(* Let $\mathcal{X}$ be a finite set, $\pi$ a probability mass function on $\mathcal{X}$ with full support, $P$ a $\pi$-stationary transition matrix, and let a group $\mathcal{G}$ act on $\mathcal{X}$ with orbits $(\mathcal{O}_i)_{i=1}^k$ and Gibbs orbit kernel $G$. Then $D^\pi_{KL}(GPG\|\Pi)=D^{\overline{\pi}}_{KL}(\overline{P}\|\overline{\Pi})$.
   Context: $G(x,y)=\pi(y)/\pi(\mathcal{O}(x))$ for $y$ in the orbit $\mathcal{O}(x)$ of $x$, else $0$, with $\pi(A)=\sum_{z\in A}\pi(z)$. $\Pi$ is the matrix with every row equal to $\pi$. $\overline{\pi}=(\pi(\mathcal{O}_1),\dots,\pi(\mathcal{O}_k))$, $\overline{\Pi}$ is the $k\times k$ matrix with every row $\overline{\pi}$, and $\overline{P}(i,j)=\frac{1}{\pi(\mathcal{O}_i)}\sum_{x\in\mathcal{O}_i,y\in\mathcal{O}_j}\pi(x)P(x,y)$. For a distribution $\mu$ and transition matrices $K,L$ on the same finite set, $D^\mu_{KL}(K\|L)=\sum_{x,y}\mu(x)K(x,y)\log\frac{K(x,y)}{L(x,y)}$ with $0\log(0/a)=0$. *)

theory Defs
  imports "HOL-Analysis.Analysis" "HOL-Algebra.Group_Action"
begin

text \<open>Transition matrices on a finite state set X are functions 'a => 'a => real,
  only their values on X x X matter.\<close>

definition pmf_full_support :: "'a set \<Rightarrow> ('a \<Rightarrow> real) \<Rightarrow> bool" where
  "pmf_full_support X \<pi> \<longleftrightarrow> (\<forall>x\<in>X. \<pi> x > 0) \<and> (\<Sum>x\<in>X. \<pi> x) = 1"

definition transition_matrix :: "'a set \<Rightarrow> ('a \<Rightarrow> 'a \<Rightarrow> real) \<Rightarrow> bool" where
  "transition_matrix X P \<longleftrightarrow> (\<forall>x\<in>X. \<forall>y\<in>X. P x y \<ge> 0) \<and> (\<forall>x\<in>X. (\<Sum>y\<in>X. P x y) = 1)"

definition stationary :: "'a set \<Rightarrow> ('a \<Rightarrow> real) \<Rightarrow> ('a \<Rightarrow> 'a \<Rightarrow> real) \<Rightarrow> bool" where
  "stationary X \<pi> P \<longleftrightarrow> (\<forall>y\<in>X. (\<Sum>x\<in>X. \<pi> x * P x y) = \<pi> y)"

definition mass :: "('a \<Rightarrow> real) \<Rightarrow> 'a set \<Rightarrow> real" where
  "mass \<pi> A = (\<Sum>z\<in>A. \<pi> z)"

definition gibbs_orbit_kernel ::
  "('g, 'h) monoid_scheme \<Rightarrow> ('g \<Rightarrow> 'a \<Rightarrow> 'a) \<Rightarrow> ('a \<Rightarrow> real) \<Rightarrow> 'a \<Rightarrow> 'a \<Rightarrow> real" where
  "gibbs_orbit_kernel G \<phi> \<pi> x y =
     (if y \<in> orbit G \<phi> x then \<pi> y / mass \<pi> (orbit G \<phi> x) else 0)"

definition mat_prod :: "'a set \<Rightarrow> ('a \<Rightarrow> 'a \<Rightarrow> real) \<Rightarrow> ('a \<Rightarrow> 'a \<Rightarrow> real) \<Rightarrow> 'a \<Rightarrow> 'a \<Rightarrow> real" where
  "mat_prod X K L x y = (\<Sum>z\<in>X. K x z * L z y)"

definition const_rows :: "('a \<Rightarrow> real) \<Rightarrow> 'a \<Rightarrow> 'a \<Rightarrow> real" where
  "const_rows \<mu> x y = \<mu> y"

definition KL_div :: "'a set \<Rightarrow> ('a \<Rightarrow> real) \<Rightarrow> ('a \<Rightarrow> 'a \<Rightarrow> real) \<Rightarrow> ('a \<Rightarrow> 'a \<Rightarrow> real) \<Rightarrow> real" where
  "KL_div X \<mu> K L = (\<Sum>x\<in>X. \<Sum>y\<in>X.
      (if K x y = 0 then 0 else \<mu> x * K x y * ln (K x y / L x y)))"

text \<open>Lumped quantities, indexed by the orbits themselves.\<close>
definition lumped_dist :: "('a \<Rightarrow> real) \<Rightarrow> 'a set \<Rightarrow> real" where
  "lumped_dist \<pi> A = mass \<pi> A"

definition lumped_matrix :: "('a \<Rightarrow> real) \<Rightarrow> ('a \<Rightarrow> 'a \<Rightarrow> real) \<Rightarrow> 'a set \<Rightarrow> 'a set \<Rightarrow> real" where
  "lumped_matrix \<pi> P A B = (1 / mass \<pi> A) * (\<Sum>x\<in>A. \<Sum>y\<in>B. \<pi> x * P x y)"

end

theory Submission
  imports Defs
begin

text \<open>
  The kernel \<open>G P G\<close> depends on its arguments only through their orbits:
  \<open>(G P G)(x, y) = P\<^sub>O(O(x), O(y)) \<pi>(y) / \<pi>(O(y))\<close>, where \<open>P\<^sub>O\<close> is the lumped matrix.
  Hence the summand of \<open>D\<^sup>\<pi>(G P G \<parallel> \<Pi>)\<close> at \<open>(x, y)\<close> is \<open>\<pi>(x) \<pi>(y) / \<pi>(O(y))\<close> times
  \<open>P\<^sub>O log (P\<^sub>O / \<pi>(O(y)))\<close>, and summing \<open>\<pi>\<close> over each orbit collapses the double sum
  over \<open>X\<close> into the double sum over orbits defining the lumped divergence.
\<close>

lemma sum_partition_on_class:
  assumes "finite X" and "partition_on X \<A>"
    and cls: "\<And>A x. A \<in> \<A> \<Longrightarrow> x \<in> A \<Longrightarrow> cls x = A"
  shows "(\<Sum>x\<in>X. \<pi> x * g (cls x)) = (\<Sum>A\<in>\<A>. mass \<pi> A * g A)"
proof -
  have X: "X = \<Union>\<A>" and "disjoint \<A>"
    using assms(2) by (auto dest: partition_onD1 partition_onD2)
  then have "\<forall>A\<in>\<A>. finite A" and "\<forall>A\<in>\<A>. \<forall>B\<in>\<A>. A \<noteq> B \<longrightarrow> A \<inter> B = {}"
    using \<open>finite X\<close> by (auto intro: finite_subset dest: disjointD)
  then have "(\<Sum>x\<in>X. \<pi> x * g (cls x)) = (\<Sum>A\<in>\<A>. \<Sum>x\<in>A. \<pi> x * g (cls x))"
    unfolding X by (simp add: sum.Union_disjoint)
  also have "\<dots> = (\<Sum>A\<in>\<A>. \<Sum>x\<in>A. \<pi> x * g A)"
    using cls by (intro sum.cong refl) simp
  finally show ?thesis
    by (simp add: mass_def sum_distrib_right)
qed

lemma KL_div_const_rows_lumped:
  assumes "finite X" and partition: "partition_on X \<A>"
    and cls: "\<And>A x. A \<in> \<A> \<Longrightarrow> x \<in> A \<Longrightarrow> cls x = A"
    and pos: "\<And>x. x \<in> X \<Longrightarrow> \<pi> x > 0"
    and K: "\<And>x y. x \<in> X \<Longrightarrow> y \<in> X \<Longrightarrow> K x y = Q (cls x) (cls y) * \<pi> y / mass \<pi> (cls y)"
  shows "KL_div X \<pi> K (const_rows \<pi>) = KL_div \<A> (mass \<pi>) Q (const_rows (mass \<pi>))"
proof -
  define c where "c A B = (if Q A B = 0 then 0 else Q A B * ln (Q A B / mass \<pi> B))" for A B
  have X: "X = \<Union>\<A>" and nonempty: "{} \<notin> \<A>"
    using partition by (auto dest: partition_onD1 partition_onD3)
  have mass_pos: "mass \<pi> A > 0" if "A \<in> \<A>" for A
    unfolding mass_def using that X nonempty pos \<open>finite X\<close>
    by (intro sum_pos) (auto intro: finite_subset)
  have summand: "(if K x y = 0 then 0 else \<pi> x * K x y * ln (K x y / const_rows \<pi> x y))
      = \<pi> x * (\<pi> y * (c (cls x) (cls y) / mass \<pi> (cls y)))" if "x \<in> X" "y \<in> X" for x y
  proof -
    have "cls y \<in> \<A>"
      using that X cls by auto
    then have "\<pi> y > 0" "mass \<pi> (cls y) > 0"
      using that pos mass_pos by auto
    then show ?thesis
      unfolding K[OF that] c_def const_rows_def by (simp add: field_simps)
  qed
  have "KL_div X \<pi> K (const_rows \<pi>)
      = (\<Sum>x\<in>X. \<pi> x * (\<Sum>y\<in>X. \<pi> y * (c (cls x) (cls y) / mass \<pi> (cls y))))"
    unfolding KL_div_def sum_distrib_left by (intro sum.cong refl) (simp add: summand)
  also have "\<dots> = (\<Sum>x\<in>X. \<pi> x * (\<Sum>B\<in>\<A>. mass \<pi> B * (c (cls x) B / mass \<pi> B)))"
    by (intro sum.cong refl arg_cong2[where f = "(*)"]
        sum_partition_on_class[OF \<open>finite X\<close> partition cls, where g = "\<lambda>B. c (cls _) B / mass \<pi> B"])
  also have "\<dots> = (\<Sum>A\<in>\<A>. mass \<pi> A * (\<Sum>B\<in>\<A>. mass \<pi> B * (c A B / mass \<pi> B)))"
    by (rule sum_partition_on_class[OF \<open>finite X\<close> partition cls])
  also have "\<dots> = KL_div \<A> (mass \<pi>) Q (const_rows (mass \<pi>))"
    unfolding KL_div_def const_rows_def sum_distrib_left
    by (intro sum.cong refl) (auto simp: c_def dest!: mass_pos)
  finally show ?thesis .
qed

context group_action
begin

lemma orbit_subset: "x \<in> E \<Longrightarrow> orbit G \<phi> x \<subseteq> E"
  using element_image unfolding orbit_def by blast

lemma orbit_eq_of_mem:
  assumes "y \<in> E" and "x \<in> orbit G \<phi> y"
  shows "orbit G \<phi> x = orbit G \<phi> y"
proof -
  have "x \<in> E"
    using assms orbit_subset by blast
  then show ?thesis
    using assms orbit_subset orbit_sym orbit_trans by (intro subset_antisym subsetI) blast+
qed

lemma partition_on_orbits: "partition_on E (orbits G E \<phi>)"
proof (rule partition_onI[OF orbits_coverture])
  show "disjnt p q" if "p \<in> orbits G E \<phi>" "q \<in> orbits G E \<phi>" "p \<noteq> q" for p q
    using that disjoint_union unfolding disjnt_def by blast
  show "{} \<notin> orbits G E \<phi>"
    unfolding orbits_def using orbit_refl by blast
qed

lemma mat_prod_gibbs_orbit_kernel_left:
  assumes "finite E" and "x \<in> E"
  shows "mat_prod E (gibbs_orbit_kernel G \<phi> \<pi>) K x w
    = (\<Sum>z\<in>orbit G \<phi> x. \<pi> z * K z w) / mass \<pi> (orbit G \<phi> x)"
proof -
  have "orbit G \<phi> x \<subseteq> E"
    using assms(2) by (rule orbit_subset)
  have "mat_prod E (gibbs_orbit_kernel G \<phi> \<pi>) K x w
      = (\<Sum>z\<in>E. if z \<in> orbit G \<phi> x then \<pi> z * K z w / mass \<pi> (orbit G \<phi> x) else 0)"
    unfolding mat_prod_def gibbs_orbit_kernel_def by (intro sum.cong) auto
  then show ?thesis
    using \<open>finite E\<close> \<open>orbit G \<phi> x \<subseteq> E\<close>
    by (simp add: sum.If_cases Int_absorb1 sum_divide_distrib)
qed

lemma mat_prod_gibbs_orbit_kernel_right:
  assumes "finite E" and "y \<in> E"
  shows "mat_prod E K (gibbs_orbit_kernel G \<phi> \<pi>) x y
    = (\<Sum>w\<in>orbit G \<phi> y. K x w) * \<pi> y / mass \<pi> (orbit G \<phi> y)"
proof -
  have "orbit G \<phi> y \<subseteq> E"
    using assms(2) by (rule orbit_subset)
  have "gibbs_orbit_kernel G \<phi> \<pi> w y
      = (if w \<in> orbit G \<phi> y then \<pi> y / mass \<pi> (orbit G \<phi> y) else 0)" if "w \<in> E" for w
  proof (cases "w \<in> orbit G \<phi> y")
    case True
    then show ?thesis
      using orbit_sym[OF assms(2) that] orbit_eq_of_mem[OF assms(2) True]
      unfolding gibbs_orbit_kernel_def by simp
  next
    case False
    then have "y \<notin> orbit G \<phi> w"
      using orbit_sym[OF that assms(2)] by blast
    then show ?thesis
      using False unfolding gibbs_orbit_kernel_def by simp
  qed
  then have "mat_prod E K (gibbs_orbit_kernel G \<phi> \<pi>) x y
      = (\<Sum>w\<in>E. if w \<in> orbit G \<phi> y then K x w * (\<pi> y / mass \<pi> (orbit G \<phi> y)) else 0)"
    unfolding mat_prod_def by (intro sum.cong) auto
  also have "\<dots> = (\<Sum>w\<in>orbit G \<phi> y. K x w) * (\<pi> y / mass \<pi> (orbit G \<phi> y))"
    using \<open>finite E\<close> \<open>orbit G \<phi> y \<subseteq> E\<close>
    by (simp add: sum.If_cases Int_absorb1 sum_distrib_right sum_divide_distrib)
  finally show ?thesis
    by simp
qed

lemma gibbs_orbit_kernel_sandwich:
  assumes "finite E" and "x \<in> E" and "y \<in> E"
  shows "mat_prod E (mat_prod E (gibbs_orbit_kernel G \<phi> \<pi>) P) (gibbs_orbit_kernel G \<phi> \<pi>) x y
    = lumped_matrix \<pi> P (orbit G \<phi> x) (orbit G \<phi> y) * \<pi> y / mass \<pi> (orbit G \<phi> y)"
  unfolding mat_prod_gibbs_orbit_kernel_right[OF assms(1,3)]
    mat_prod_gibbs_orbit_kernel_left[OF assms(1,2)] lumped_matrix_def
  by (simp add: sum_divide_distrib[symmetric] sum.swap[of _ "orbit G \<phi> y"])

end

theorem proposition6p3:
  fixes X :: "'a set" and \<pi> :: "'a \<Rightarrow> real" and P :: "'a \<Rightarrow> 'a \<Rightarrow> real"
    and G :: "('g, 'h) monoid_scheme" and \<phi> :: "'g \<Rightarrow> 'a \<Rightarrow> 'a"
  assumes "finite X"
    and "pmf_full_support X \<pi>"
    and "transition_matrix X P"
    and "stationary X \<pi> P"
    and "group G"
    and "group_action G X \<phi>"
  shows "KL_div X \<pi>
           (mat_prod X (mat_prod X (gibbs_orbit_kernel G \<phi> \<pi>) P) (gibbs_orbit_kernel G \<phi> \<pi>))
           (const_rows \<pi>)
       = KL_div (orbits G X \<phi>) (lumped_dist \<pi>)
           (lumped_matrix \<pi> P) (const_rows (lumped_dist \<pi>))"
proof -
  interpret group_action G X \<phi> by fact
  have lumped_dist: "lumped_dist \<pi> = mass \<pi>"
    by (simp add: lumped_dist_def fun_eq_iff)
  show ?thesis
    unfolding lumped_dist
  proof (rule KL_div_const_rows_lumped[where cls = "orbit G \<phi>"])
    show "finite X" by fact
    show "partition_on X (orbits G X \<phi>)"
      by (rule partition_on_orbits)
    show "orbit G \<phi> x = A" if "A \<in> orbits G X \<phi>" and "x \<in> A" for A x
      using that orbit_eq_of_mem unfolding orbits_def by blast
    show "\<pi> x > 0" if "x \<in> X" for x
      using that assms(2) by (simp add: pmf_full_support_def)
  qed (rule gibbs_orbit_kernel_sandwich[OF \<open>finite X\<close>])
qed

end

**Work required**
Go over the data above and copy every line that has the word "True" in it.

**Reply to the exercise**
    case True
      using orbit_sym[OF assms(2) that] orbit_eq_of_mem[OF assms(2) True]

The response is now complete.